A duração da aventura é relativamente curta, podendo ser concluída em cerca de cinco horas. No entanto, esta duração acaba por se revelar adequada para o tipo de experiência que o jogo pretende oferecer. A ação constante e o ritmo rápido fazem com que a campanha avance sem grandes momentos de monotonia.
O arsenal variado de armas é um dos elementos mais interessantes da jogabilidade. A possibilidade de experimentar diferentes estilos de combate acrescenta alguma diversidade às batalhas contra as hordas de zumbis.
Por outro lado, existem alguns aspetos que poderiam beneficiar de maior polimento. O equilíbrio das armas é inconsistente e o sistema de progressão acaba por não recompensar tanto quanto seria desejável. A ausência de modos adicionais, como desafios de sobrevivência contra hordas infinitas ou um modo cooperativo, também faz sentir alguma falta de conteúdo extra.

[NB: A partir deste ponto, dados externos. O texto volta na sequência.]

(* Assume $F$ is coercive over the set $\{(\mathbf{W},\mathbf{z},\mathbf{a},\mathbf{b}) : h_l(z_l)-\epsilon\le a_l\le h_l(z_l)+\epsilon,\ l=1,\dots,L-1\}$. For the TIAM iterates described in the context, let $M>0$ be a Lipschitz constant of $\nabla\phi$ (gradient with respect to $(a,W,z,b)$) on a bounded set containing all iterates and their extrapolations, and set $C_1=\max(M,M+\theta_1^{k+1},\dots,M+\theta_L^{k+1})$. Then for every $k\in\mathbb{N}$ there exists $g_1^{k+1}\in\partial_{\mathbf{W}^{k+1}}F$ such that $\|g_1^{k+1}\|\le C_1\big(\|\mathbf{W}^{k+1}-\mathbf{W}^k\|+\|\mathbf{z}^{k+1}-\mathbf{z}^k\|+\|\mathbf{a}^{k+1}-\mathbf{a}^k\|+\|\mathbf{b}^{k+1}-\mathbf{b}^k\|+\|\mathbf{W}^k-\mathbf{W}^{k-1}\|+\|\mathbf{b}^k-\mathbf{b}^{k-1}\|+\|\mathbf{z}^k-\mathbf{z}^{k-1}\|\big)$, where $\partial_{\mathbf{W}^{k+1}}F$ denotes the limiting subdifferential of $F$ with respect to $\mathbf{W}$ at $(\mathbf{W}^{k+1},\mathbf{z}^{k+1},\mathbf{a}^{k+1},\mathbf{b}^{k+1})$.
   Context: Problem. Fix $L\ge 1$, dimensions $n_0=d,n_1,\dots,n_L$, an input $a_0=x\in\mathbb{R}^d$, a label vector $y$, and parameters $\rho>0$, $\epsilon>0$, $p_1,p_2,p_3\in[0,1)$. Variables: $\mathbf{W}=(W_l)_{l=1}^L$, $W_l\in\mathbb{R}^{n_l\times n_{l-1}}$; $\mathbf{b}=(b_l)_{l=1}^L$, $\mathbf{z}=(z_l)_{l=1}^L$ with $b_l,z_l\in\mathbb{R}^{n_l}$; $\mathbf{a}=(a_l)_{l=1}^{L-1}$, $a_l\in\mathbb{R}^{n_l}$. The activations $h_l$ are continuous (applied componentwise); the loss $z_L\mapsto R(z_L;y)$ and the regularizers $\Omega_l$ are continuous, convex and proper, with $\Omega_l\ge 0$. Norms are Euclidean/Frobenius. Let $\phi(a_{l-1},W_l,z_l,b_l)=\frac{\rho}{2}\|z_l-W_la_{l-1}-b_l\|^2$ and $F(\mathbf{W},\mathbf{z},\mathbf{a},\mathbf{b})=R(z_L;y)+\sum_{l=1}^L\Omega_l(W_l)+\sum_{l=1}^L\phi(a_{l-1},W_l,z_l,b_l)$. The subdifferential $\partial_{\mathbf{W}}F$ is the product $\partial_{W_1}F\times\cdots\times\partial_{W_L}F$. Algorithm (TIAM). Iterates $(\mathbf{W}^k,\mathbf{z}^k,\mathbf{a}^k,\mathbf{b}^k)$, $k=0,1,\dots$. In iteration $k\to k+1$, for $l=1,\dots,L$ in order, the blocks $W_l$, $b_l$, $z_l$ and (if $l<L$) $a_l$ are updated in this order. For a block $u$: $\tilde u^{k+1}=u^k+p_1(u^k-u^{k-1})$, $\hat u^{k+1}=u^k+p_2(u^k-u^{k-1})$, and after computing $u^{k+1}$, $\bar u^{k+1}=u^{k+1}+p_3(u^{k+1}-u^k)$. Updates: (W) $W_l^{k+1}\in\arg\min_{W_l}\langle\nabla_{W_l}\phi(\bar a_{l-1}^{k+1},\hat W_l^{k+1},\bar z_l^k,\bar b_l^k),W_l-\tilde W_l^{k+1}\rangle+\frac{\theta_l^{k+1}}{2}\|W_l-\tilde W_l^{k+1}\|^2+\Omega_l(W_l)$, with $\theta_l^{k+1}>0$ chosen by backtracking so that $\phi(\bar a_{l-1}^{k+1},\tilde W_l^{k+1},\bar z_l^k,\bar b_l^k)+\langle\nabla_{W_l}\phi(\bar a_{l-1}^{k+1},\hat W_l^{k+1},\bar z_l^k,\bar b_l^k),W_l^{k+1}-\tilde W_l^{k+1}\rangle+\frac{\theta_l^{k+1}}{2}\|W_l^{k+1}-\tilde W_l^{k+1}\|^2\ge\phi(a_{l-1}^{k+1},W_l^{k+1},z_l^k,b_l^k)$. (b) $b_l^{k+1}=\tilde b_l^{k+1}-\nabla_{b_l}\phi(\bar a_{l-1}^{k+1},\bar W_l^{k+1},\bar z_l^k,\hat b_l^{k+1})/\xi_l^{k+1}$, with $\xi_l^{k+1}>0$ chosen by backtracking so that the analogous linearized model with parameter $\xi_l^{k+1}$ at $b_l^{k+1}$ dominates $\phi(a_{l-1}^{k+1},W_l^{k+1},z_l^k,b_l^{k+1})$. (z) For $l<L$: $z_l^{k+1}\in\arg\min_{z_l}\langle\nabla_{z_l}\phi(\bar a_{l-1}^{k+1},\bar W_l^{k+1},\hat z_l^{k+1},\bar b_l^{k+1}),z_l-\tilde z_l^{k+1}\rangle+\frac{\rho}{2}\|z_l-\tilde z_l^{k+1}\|^2$ subject to $h_l(z_l)-\epsilon\le a_l^k\le h_l(z_l)+\epsilon$; for $l=L$ the same objective plus $R(z_L;y)$, unconstrained. (a) $a_l^{k+1}\in\arg\min_{a_l}\langle\nabla_{a_l}\phi(\hat a_l^{k+1},\bar W_{l+1}^k,\bar z_{l+1}^k,\bar b_{l+1}^k),a_l-\tilde a_l^{k+1}\rangle+\frac{\tau_l^{k+1}}{2}\|a_l-\tilde a_l^{k+1}\|^2$ subject to $h_l(\bar z_l^{k+1})-\epsilon\le a_l\le h_l(\bar z_l^{k+1})+\epsilon$, with $\tau_l^{k+1}>0$ chosen by backtracking so that the linearized model at $a_l^{k+1}$ dominates $\phi(a_l^{k+1},W_{l+1}^k,z_{l+1}^k,b_{l+1}^k)$. Safeguard: if after a block update the value of $F$ (blocks already updated in this iteration at new values, others at iteration-$k$ values) is not smaller than before that block update, the block update is recomputed without acceleration: $\tilde u^{k+1}=\hat u^{k+1}=u^k$ and all extrapolated (barred) quantities of the other blocks are replaced by their non-extrapolated current values. *)

theory Defs
  imports "Jordan_Normal_Form.Matrix"
begin

definition vnorm :: "real vec \<Rightarrow> real" where
  "vnorm v = sqrt (v \<bullet> v)"

definition minner :: "real mat \<Rightarrow> real mat \<Rightarrow> real" where
  "minner A B = (\<Sum>i<dim_row A. \<Sum>j<dim_col A. A $$ (i,j) * B $$ (i,j))"

definition fnorm :: "real mat \<Rightarrow> real" where
  "fnorm A = sqrt (minner A A)"

definition ext_v :: "real \<Rightarrow> real vec \<Rightarrow> real vec \<Rightarrow> real vec" where
  "ext_v p u u_prev = u + p \<cdot>\<^sub>v (u - u_prev)"

definition ext_m :: "real \<Rightarrow> real mat \<Rightarrow> real mat \<Rightarrow> real mat" where
  "ext_m p u u_prev = u + p \<cdot>\<^sub>m (u - u_prev)"

definition resid :: "real vec \<Rightarrow> real mat \<Rightarrow> real vec \<Rightarrow> real vec \<Rightarrow> real vec" where
  "resid a W z b = z - W *\<^sub>v a - b"

definition phi :: "real \<Rightarrow> real vec \<Rightarrow> real mat \<Rightarrow> real vec \<Rightarrow> real vec \<Rightarrow> real" where
  "phi \<rho> a W z b = \<rho> / 2 * (vnorm (resid a W z b))\<^sup>2"

definition grad_a :: "real \<Rightarrow> real vec \<Rightarrow> real mat \<Rightarrow> real vec \<Rightarrow> real vec \<Rightarrow> real vec" where
  "grad_a \<rho> a W z b = (- \<rho>) \<cdot>\<^sub>v (transpose_mat W *\<^sub>v resid a W z b)"

definition grad_W :: "real \<Rightarrow> real vec \<Rightarrow> real mat \<Rightarrow> real vec \<Rightarrow> real vec \<Rightarrow> real mat" where
  "grad_W \<rho> a W z b =
     (- \<rho>) \<cdot>\<^sub>m mat (dim_vec (resid a W z b)) (dim_vec a)
                    (\<lambda>(i,j). resid a W z b $ i * a $ j)"

definition grad_z :: "real \<Rightarrow> real vec \<Rightarrow> real mat \<Rightarrow> real vec \<Rightarrow> real vec \<Rightarrow> real vec" where
  "grad_z \<rho> a W z b = \<rho> \<cdot>\<^sub>v resid a W z b"

definition grad_b :: "real \<Rightarrow> real vec \<Rightarrow> real mat \<Rightarrow> real vec \<Rightarrow> real vec \<Rightarrow> real vec" where
  "grad_b \<rho> a W z b = (- \<rho>) \<cdot>\<^sub>v resid a W z b"

type_synonym tup = "real vec \<times> real mat \<times> real vec \<times> real vec"  \<comment> \<open>(a, W, z, b)\<close>

definition tup_dist :: "tup \<Rightarrow> tup \<Rightarrow> real" where
  "tup_dist u v = (case u of (a,W,z,b) \<Rightarrow> case v of (a',W',z',b') \<Rightarrow>
     sqrt ((vnorm (a - a'))\<^sup>2 + (fnorm (W - W'))\<^sup>2 + (vnorm (z - z'))\<^sup>2 + (vnorm (b - b'))\<^sup>2))"

definition tup_norm :: "tup \<Rightarrow> real" where
  "tup_norm u = (case u of (a,W,z,b) \<Rightarrow>
     sqrt ((vnorm a)\<^sup>2 + (fnorm W)\<^sup>2 + (vnorm z)\<^sup>2 + (vnorm b)\<^sup>2))"

definition grad_dist :: "real \<Rightarrow> tup \<Rightarrow> tup \<Rightarrow> real" where
  "grad_dist \<rho> u v = (case u of (a,W,z,b) \<Rightarrow> case v of (a',W',z',b') \<Rightarrow>
     sqrt ((vnorm (grad_a \<rho> a W z b - grad_a \<rho> a' W' z' b'))\<^sup>2
         + (fnorm (grad_W \<rho> a W z b - grad_W \<rho> a' W' z' b'))\<^sup>2
         + (vnorm (grad_z \<rho> a W z b - grad_z \<rho> a' W' z' b'))\<^sup>2
         + (vnorm (grad_b \<rho> a W z b - grad_b \<rho> a' W' z' b'))\<^sup>2))"

definition act :: "real vec \<Rightarrow> (nat \<Rightarrow> real vec) \<Rightarrow> nat \<Rightarrow> real vec" where
  "act x a l = (if l = 0 then x else a l)"

text \<open>F(W,z,a,b); R is the loss z_L |-> R(z_L; y) with the label y fixed.\<close>
definition Fobj :: "nat \<Rightarrow> real vec \<Rightarrow> real \<Rightarrow> (real vec \<Rightarrow> real) \<Rightarrow> (nat \<Rightarrow> real mat \<Rightarrow> real)
    \<Rightarrow> (nat \<Rightarrow> real mat) \<Rightarrow> (nat \<Rightarrow> real vec) \<Rightarrow> (nat \<Rightarrow> real vec) \<Rightarrow> (nat \<Rightarrow> real vec) \<Rightarrow> real" where
  "Fobj L x \<rho> R \<Omega> W z a b =
     R (z L) + (\<Sum>l=1..L. \<Omega> l (W l)) + (\<Sum>l=1..L. phi \<rho> (act x a (l - 1)) (W l) (z l) (b l))"

definition wf_state :: "nat \<Rightarrow> (nat \<Rightarrow> nat) \<Rightarrow> (nat \<Rightarrow> real mat) \<Rightarrow> (nat \<Rightarrow> real vec)
    \<Rightarrow> (nat \<Rightarrow> real vec) \<Rightarrow> (nat \<Rightarrow> real vec) \<Rightarrow> bool" where
  "wf_state L n W z a b \<longleftrightarrow> (\<forall>l\<in>{1..L}.
     W l \<in> carrier_mat (n l) (n (l - 1)) \<and> z l \<in> carrier_vec (n l) \<and> b l \<in> carrier_vec (n l)
     \<and> (l < L \<longrightarrow> a l \<in> carrier_vec (n l)))"

definition state_norm :: "nat \<Rightarrow> (nat \<Rightarrow> real mat) \<Rightarrow> (nat \<Rightarrow> real vec)
    \<Rightarrow> (nat \<Rightarrow> real vec) \<Rightarrow> (nat \<Rightarrow> real vec) \<Rightarrow> real" where
  "state_norm L W z a b = sqrt ((\<Sum>l=1..L. (fnorm (W l))\<^sup>2) + (\<Sum>l=1..L. (vnorm (z l))\<^sup>2)
      + (\<Sum>l=1..L-1. (vnorm (a l))\<^sup>2) + (\<Sum>l=1..L. (vnorm (b l))\<^sup>2))"

definition normWs :: "nat \<Rightarrow> (nat \<Rightarrow> real mat) \<Rightarrow> real" where
  "normWs L W = sqrt (\<Sum>l=1..L. (fnorm (W l))\<^sup>2)"

definition normVs :: "nat \<Rightarrow> nat \<Rightarrow> (nat \<Rightarrow> real vec) \<Rightarrow> real" where
  "normVs lo hi v = sqrt (\<Sum>l=lo..hi. (vnorm (v l))\<^sup>2)"

definition box :: "(real \<Rightarrow> real) \<Rightarrow> real \<Rightarrow> nat \<Rightarrow> real vec \<Rightarrow> real vec \<Rightarrow> bool" where
  "box h \<epsilon> m z a \<longleftrightarrow> (\<forall>i<m. h (z $ i) - \<epsilon> \<le> a $ i \<and> a $ i \<le> h (z $ i) + \<epsilon>)"

definition coercive_on_feasible :: "nat \<Rightarrow> (nat \<Rightarrow> nat) \<Rightarrow> (nat \<Rightarrow> real \<Rightarrow> real) \<Rightarrow> real
    \<Rightarrow> ((nat \<Rightarrow> real mat) \<Rightarrow> (nat \<Rightarrow> real vec) \<Rightarrow> (nat \<Rightarrow> real vec) \<Rightarrow> (nat \<Rightarrow> real vec) \<Rightarrow> real)
    \<Rightarrow> bool" where
  "coercive_on_feasible L n h \<epsilon> F \<longleftrightarrow>
     (\<forall>c. \<exists>r. \<forall>W z a b. wf_state L n W z a b \<and> (\<forall>l\<in>{1..L-1}. box (h l) \<epsilon> (n l) (z l) (a l))
        \<and> state_norm L W z a b \<ge> r \<longrightarrow> F W z a b \<ge> c)"

definition convex_on_mat :: "nat \<Rightarrow> nat \<Rightarrow> (real mat \<Rightarrow> real) \<Rightarrow> bool" where
  "convex_on_mat r c f \<longleftrightarrow> (\<forall>X\<in>carrier_mat r c. \<forall>Y\<in>carrier_mat r c. \<forall>t::real. 0 \<le> t \<and> t \<le> 1 \<longrightarrow>
      f (t \<cdot>\<^sub>m X + (1 - t) \<cdot>\<^sub>m Y) \<le> t * f X + (1 - t) * f Y)"

definition cont_on_mat :: "nat \<Rightarrow> nat \<Rightarrow> (real mat \<Rightarrow> real) \<Rightarrow> bool" where
  "cont_on_mat r c f \<longleftrightarrow> (\<forall>X\<in>carrier_mat r c. \<forall>e>0. \<exists>d>0. \<forall>Y\<in>carrier_mat r c.
      fnorm (Y - X) < d \<longrightarrow> \<bar>f Y - f X\<bar> < e)"

definition convex_on_vec :: "nat \<Rightarrow> (real vec \<Rightarrow> real) \<Rightarrow> bool" where
  "convex_on_vec m f \<longleftrightarrow> (\<forall>X\<in>carrier_vec m. \<forall>Y\<in>carrier_vec m. \<forall>t::real. 0 \<le> t \<and> t \<le> 1 \<longrightarrow>
      f (t \<cdot>\<^sub>v X + (1 - t) \<cdot>\<^sub>v Y) \<le> t * f X + (1 - t) * f Y)"

definition cont_on_vec :: "nat \<Rightarrow> (real vec \<Rightarrow> real) \<Rightarrow> bool" where
  "cont_on_vec m f \<longleftrightarrow> (\<forall>X\<in>carrier_vec m. \<forall>e>0. \<exists>d>0. \<forall>Y\<in>carrier_vec m.
      vnorm (Y - X) < d \<longrightarrow> \<bar>f Y - f X\<bar> < e)"
(* Let $n\ge 3$, $4\le m<\infty$, $I=\{1,\dots,n\}$, $\Gamma$ an $n$-dimensional vector space over a countably infinite skew field, and $\Delta_0=(V,\tau,* )$ as below. Let $\Delta=(W,\tau,* )$ be a geometry over $I$ containing $\Delta_0$ as an induced subgeometry and satisfying Properties (F), (I), (V), (P), (H), (C). Let $z$ be an element of type $n-2$ and let $x,y$ be elements of types in $\{n-1,n\}$ incident with $z$, of the same type if $m$ is odd and of different types if $m$ is even, at distance at least $m+1$ (possibly infinite) in the incidence graph of the rank 2 geometry of elements of types $n-1,n$ incident with $z$. Construct $\Delta'=(W',\tau,* )$ as follows. Consider a path $\gamma=(x_0:=x,x_1,\dots,x_{m-2},x_{m-1}:=y)$ with types alternating between $n-1$ and $n$. If $x$ has type $n$, $x_1$ is taken to be an existing element of type $n-1$ incident with $x$ and $z$ such that $x$ is the only type-$n$ element incident with $x_1$ (such an element exists); similarly, if $y$ has type $n$, $x_{m-2}$ is an existing element of type $n-1$ incident with $y$ and $z$ such that $y$ is the only type-$n$ element incident with it. All other inner vertices of $\gamma$ are new elements. To each new element of type $n-1$ on $\gamma$ assign a precursor: an element of type $n-1$ of $\Delta_0$ incident with $z$, chosen so that the type-$(n-1)$ elements of $\gamma$ have pairwise distinct precursors. A new type-$(n-1)$ element of $\gamma$ is incident exactly with its neighbours on $\gamma$ and with the elements of type $\le n-2$ incident with its precursor. Further, for each new element $x_i$ of type $n$ on $\gamma$ and each element $a$ of type $n-1$ of $\Delta_0$ that is not the precursor of $x_{i-1}$ or $x_{i+1}$, add a new element of type $n-1$ with precursor $a$, incident exactly with $x_i$ and with the elements of type $\le n-2$ incident with $a$. Each new element of type $n$ is incident exactly with its neighbours on $\gamma$, all elements of type $\le n-2$, and the new type-$(n-1)$ elements attached to it in the previous sentence. Incidences among elements of $W$ are unchanged. Then $\Delta'$ satisfies Properties (F), (I), (V), (P), (H), (C).
   Context: A geometry over $I$ is a triple $(V,\tau,* )$ with $\tau:V\to I$ and $*$ a symmetric relation such that elements of equal type are incident iff equal. A rank 2 geometry (bipartite incidence graph) is without $k$-gons if it has no cycle of length $2k$. $\Delta_0=(V,\tau,* )$ is the geometry over $I$ whose elements of type $i<n$ are the $i$-dimensional subspaces of $\Gamma$, with no elements of type $n$, two elements being incident iff one subspace contains the other. Properties of $\Delta=(W,\tau,* )\supseteq\Delta_0$: (F) Elements of types $i$ and $n$ with $i\le n-2$ are always incident. (I) There are finitely many elements of type $n$, and $W$ is countable. (V) Every element of $W\setminus V$ has type $n-1$ or $n$. (P) For every element $z$ of type $n-2$, the elements of types $n-1$ and $n$ incident with $z$ form a rank 2 geometry without $k$-gons for all $k<m$. (H) For every element $x$ of type $n-1$, there is an element $y$ of type $n-1$ of $\Delta_0$ (the precursor of $x$) such that $x$ and $y$ are incident with exactly the same elements of types $1,\dots,n-2$. (C) For every element $x$ of type $n$ and every element $y$ of type $n-1$ of $\Delta_0$, there is a unique element of type $n-1$ with precursor $y$ incident with $x$. *)

theory Defs
  imports Main "HOL-Library.Countable_Set"
begin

Mesmo com estas limitações, Ghetto Zombies consegue cumprir aquilo que promete. É um jogo de ação simples, com uma estética retro muito agradável e combates suficientemente divertidos para manter o interesse até ao final.
Para quem aprecia experiências arcade diretas e sem complicações, este título independente pode revelar-se uma surpresa agradável. Não reinventa o género, mas oferece algumas horas de diversão sólida num pacote visualmente charmoso.